[Collected data entries]

lemma independent_set_extends_to_maximal:
  assumes sym: "\<forall>i j. E i j \<longrightarrow> E j i" and irr: "\<forall>i. \<not> E i i"
    and S: "independent_set n E S"
  obtains I where "maximal_independent_set n E I" "S \<subseteq> I"
proof -
  define F where "F = {I. independent_set n E I \<and> S \<subseteq> I}"
  have F_fin: "finite (card ` F)"
    unfolding F_def independent_set_def by (rule finite_subset[of _ "card ` Pow {1..n}"]) auto
  have "card ` F \<noteq> {}" using S unfolding F_def by auto
  hence "Max (card ` F) \<in> card ` F" by (rule Max_in[OF F_fin])
  then obtain I where I: "I \<in> F" "card I = Max (card ` F)" by (metis imageE)
  have I_max: "card J \<le> card I" if "J \<in> F" for J
    using I(2) F_fin that by simp
  have I_ind: "independent_set n E I" and "S \<subseteq> I" using I(1) unfolding F_def by auto
  hence I_sub: "I \<subseteq> {1..n}" and I_edges: "\<forall>i\<in>I. \<forall>j\<in>I. \<not> E i j"
    unfolding independent_set_def by auto
  have "\<exists>j\<in>I. E i j" if i: "i \<in> {1..n} - I" for i
  proof (rule ccontr)
    assume "\<not> (\<exists>j\<in>I. E i j)"
    hence "independent_set n E (insert i I)"
      unfolding independent_set_def using I_sub I_edges i sym irr by blast
    hence "card (insert i I) \<le> card I" using I_max \<open>S \<subseteq> I\<close> unfolding F_def by blast
    moreover have "finite I" using I_sub finite_subset by blast
    ultimately show False using i by simp
  qed
  thus thesis
    using that I_ind \<open>S \<subseteq> I\<close> unfolding maximal_independent_set_def by blast
qed

lemma mat_vec_adj_plus_id:
  assumes "\<forall>i. \<not> E i i"
  shows "mat_vec n (\<lambda>i j. adj_matrix E i j + id_matrix i j) x i = nbhd_weight E x {1..n} i"
  unfolding mat_vec_def nbhd_weight_def adj_matrix_def id_matrix_def closed_nbhd_def
    sum.inter_restrict[OF finite_atLeastAtMost]
  using assms by (intro sum.cong) auto

lemma maximal_independent_set_solves_LCP:
  assumes irr: "\<forall>i. \<not> E i i" and I: "maximal_independent_set n E I"
  shows "solves_LCP n (\<lambda>i j. adj_matrix E i j + id_matrix i j) (\<lambda>i. - 1)
           (\<lambda>i. if i \<in> I then 1 else 0)"
proof -
  define x :: "nat \<Rightarrow> real" where "x i = (if i \<in> I then 1 else 0)" for i
  have I_sub: "I \<subseteq> {1..n}" and I_ind: "\<forall>i\<in>I. \<forall>j\<in>I. \<not> E i j"
    using I unfolding maximal_independent_set_def independent_set_def by auto
  have dominating: "\<forall>i\<in>{1..n} - I. \<exists>j\<in>I. E i j"
    using I unfolding maximal_independent_set_def by simp
  have weight: "nbhd_weight E x {1..n} i = card ({1..n} \<inter> closed_nbhd E i \<inter> I)" for i
    unfolding nbhd_weight_def x_def by (simp add: sum.inter_restrict[symmetric])
  have on_I: "nbhd_weight E x {1..n} i = 1" if "i \<in> I" for i
  proof -
    have "{1..n} \<inter> closed_nbhd E i \<inter> I = {i}"
      using that I_sub I_ind unfolding closed_nbhd_def by blast
    thus ?thesis unfolding weight by simp
  qed
  have off_I: "1 \<le> nbhd_weight E x {1..n} i" if i: "i \<in> {1..n} - I" for i
  proof -
    obtain j where "j \<in> I" "E i j"
      using dominating i by blast
    hence "j \<in> {1..n} \<inter> closed_nbhd E i \<inter> I" using I_sub unfolding closed_nbhd_def by auto
    hence "card ({1..n} \<inter> closed_nbhd E i \<inter> I) > 0" by (auto simp: card_gt_0_iff)
    thus ?thesis unfolding weight by simp
  qed
  have "solves_LCP n (\<lambda>i j. adj_matrix E i j + id_matrix i j) (\<lambda>i. - 1) x"
    unfolding solves_LCP_def mat_vec_adj_plus_id[where E = E, OF irr]
  proof (intro conjI ballI)
    fix i assume i: "i \<in> {1..n}"
    show "0 \<le> x i" by (simp add: x_def)
    show "0 \<le> nbhd_weight E x {1..n} i + - 1"
      using on_I[of i] off_I[of i] i by (cases "i \<in> I") auto
  next
    show "(\<Sum>i=1..n. x i * (nbhd_weight E x {1..n} i + - 1)) = 0"
      using on_I by (intro sum.neutral) (simp add: x_def)
  qed
  thus ?thesis unfolding x_def .
qed

lemma LCP_solution_nbhd_weight_support:
  assumes irr: "\<forall>i. \<not> E i i"
    and sol: "solves_LCP n (\<lambda>i j. adj_matrix E i j + id_matrix i j) (\<lambda>i. - 1) x"
    and i: "i \<in> {1..n}" "x i > 0"
  shows "nbhd_weight E x {j\<in>{1..n}. x j > 0} i = 1"
proof -
  let ?y = "\<lambda>i. nbhd_weight E x {1..n} i - 1"
  have x_nonneg: "\<forall>j\<in>{1..n}. x j \<ge> 0" and y_nonneg: "\<forall>j\<in>{1..n}. ?y j \<ge> 0"
    and compl: "(\<Sum>j=1..n. x j * ?y j) = 0"
    using sol unfolding solves_LCP_def mat_vec_adj_plus_id[where E = E, OF irr] by auto
  have "\<forall>j\<in>{1..n}. x j * ?y j \<ge> 0" using x_nonneg y_nonneg by simp
  hence "\<forall>j\<in>{1..n}. x j * ?y j = 0"
    using compl sum_nonneg_eq_0_iff[of "{1..n}" "\<lambda>j. x j * ?y j"] by simp
  hence "x i * ?y i = 0" using i(1) by blast
  hence "nbhd_weight E x {1..n} i = 1" using i(2) by simp
  moreover have "x j > 0" if "j \<in> {1..n}" "x j \<noteq> 0" for j
    using x_nonneg that by force
  hence "nbhd_weight E x {j\<in>{1..n}. x j > 0} i = nbhd_weight E x {1..n} i"
    unfolding nbhd_weight_def by (intro sum.mono_neutral_left) auto
  ultimately show ?thesis by simp
qed

lemma LCP_solution_weight_le_alpha_w:
  assumes sym: "\<forall>i j. E i j \<longrightarrow> E j i" and irr: "\<forall>i. \<not> E i i"
    and w: "\<forall>i\<in>{1..n}. w i \<ge> 0"
    and sol: "solves_LCP n (\<lambda>i j. adj_matrix E i j + id_matrix i j) (\<lambda>i. - 1) x"
  shows "(\<Sum>i=1..n. w i * x i) \<le> alpha_w n E w"
proof -
  define S where "S = {i\<in>{1..n}. x i > 0}"
  have S_sub: "S \<subseteq> {1..n}" and "finite S" and S_pos: "\<forall>j\<in>S. x j > 0"
    unfolding S_def by auto
  have "\<forall>i\<in>{1..n}. x i \<ge> 0" using sol unfolding solves_LCP_def by blast
  hence zero: "x i = 0" if "i \<in> {1..n}" "\<not> x i > 0" for i
    using that by force
  have w_S: "\<forall>j\<in>S. w j \<ge> 0" using w S_sub by blast
  obtain I where I: "I \<subseteq> S" "\<forall>i\<in>I. \<forall>j\<in>I. \<not> E i j"
      "caro_wei_bound E x w S \<le> (\<Sum>i\<in>I. w i)"
    using caro_wei_independent_subset[OF sym irr \<open>finite S\<close> S_pos w_S] by blast
  have "(\<Sum>i=1..n. w i * x i) = (\<Sum>i\<in>S. w i * x i)"
    unfolding S_def by (intro sum.mono_neutral_right) (auto simp: zero)
  also have "\<dots> = caro_wei_bound E x w S"
    unfolding caro_wei_bound_def S_def
    using LCP_solution_nbhd_weight_support[OF irr sol] by (intro sum.cong) auto
  also have "\<dots> \<le> (\<Sum>i\<in>I. w i)" by (rule I(3))
  also have "\<dots> \<le> alpha_w n E w"
    using I(1,2) S_sub by (intro independent_set_weight_le_alpha_w) (auto simp: independent_set_def)
  finally show ?thesis .
qed

theorem theorem1:
  fixes n :: nat and E :: "nat \<Rightarrow> nat \<Rightarrow> bool" and w :: "nat \<Rightarrow> real"
  assumes "simple_graph n E"
    and "\<forall>i\<in>{1..n}. w i \<ge> 0"
  shows "(\<exists>x. solves_LCP n (\<lambda>i j. adj_matrix E i j + id_matrix i j) (\<lambda>i. - 1) x
              \<and> (\<Sum>i=1..n. w i * x i) = alpha_w n E w)
       \<and> (\<forall>x. solves_LCP n (\<lambda>i j. adj_matrix E i j + id_matrix i j) (\<lambda>i. - 1) x
              \<longrightarrow> (\<Sum>i=1..n. w i * x i) \<le> alpha_w n E w)"
proof -
  have sym: "\<forall>i j. E i j \<longrightarrow> E j i" and irr: "\<forall>i. \<not> E i i"
    using assms(1) unfolding simple_graph_def by auto
  have upper: "\<forall>x. solves_LCP n (\<lambda>i j. adj_matrix E i j + id_matrix i j) (\<lambda>i. - 1) x
                 \<longrightarrow> (\<Sum>i=1..n. w i * x i) \<le> alpha_w n E w"
    by (intro allI impI LCP_solution_weight_le_alpha_w[OF sym irr assms(2)])
  obtain S where S: "independent_set n E S" "(\<Sum>i\<in>S. w i) = alpha_w n E w"
    using alpha_w_attained[of n E w] by blast
  obtain I where I: "maximal_independent_set n E I" "S \<subseteq> I"
    using independent_set_extends_to_maximal[OF sym irr S(1)] .
  define x :: "nat \<Rightarrow> real" where "x i = (if i \<in> I then 1 else 0)" for i
  have sol: "solves_LCP n (\<lambda>i j. adj_matrix E i j + id_matrix i j) (\<lambda>i. - 1) x"
    unfolding x_def using maximal_independent_set_solves_LCP[OF irr I(1)] .
  have "I \<subseteq> {1..n}" using I(1) unfolding maximal_independent_set_def independent_set_def by auto
  hence "(\<Sum>i=1..n. w i * x i) = (\<Sum>i\<in>I. w i)"
    unfolding x_def by (simp add: sum.inter_restrict[symmetric] if_distrib Int_absorb1 cong: if_cong)
  moreover have "alpha_w n E w \<le> (\<Sum>i\<in>I. w i)"
    unfolding S(2)[symmetric] using I(2) \<open>I \<subseteq> {1..n}\<close> assms(2)
    by (intro sum_mono2 finite_subset[OF \<open>I \<subseteq> {1..n}\<close>]) auto
  moreover have "(\<Sum>i=1..n. w i * x i) \<le> alpha_w n E w" using upper sol by blast
  ultimately have attained: "(\<Sum>i=1..n. w i * x i) = alpha_w n E w" by linarith
  show ?thesis using sol attained upper by blast
qed

end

Your assignment - Where the string "shows" occurs in the data, return the whole line.

Finished task -
  shows "mat_vec n (\<lambda>i j. adj_matrix E i j + id_matrix i j) x i = nbhd_weight E x {1..n} i"
  shows "solves_LCP n (\<lambda>i j. adj_matrix E i j + id_matrix i j) (\<lambda>i. - 1)
  shows "nbhd_weight E x {j\<in>{1..n}. x j > 0} i = 1"
  shows "(\<Sum>i=1..n. w i * x i) \<le> alpha_w n E w"
  shows "(\<exists>x. solves_LCP n (\<lambda>i j. adj_matrix E i j + id_matrix i j) (\<lambda>i. - 1) x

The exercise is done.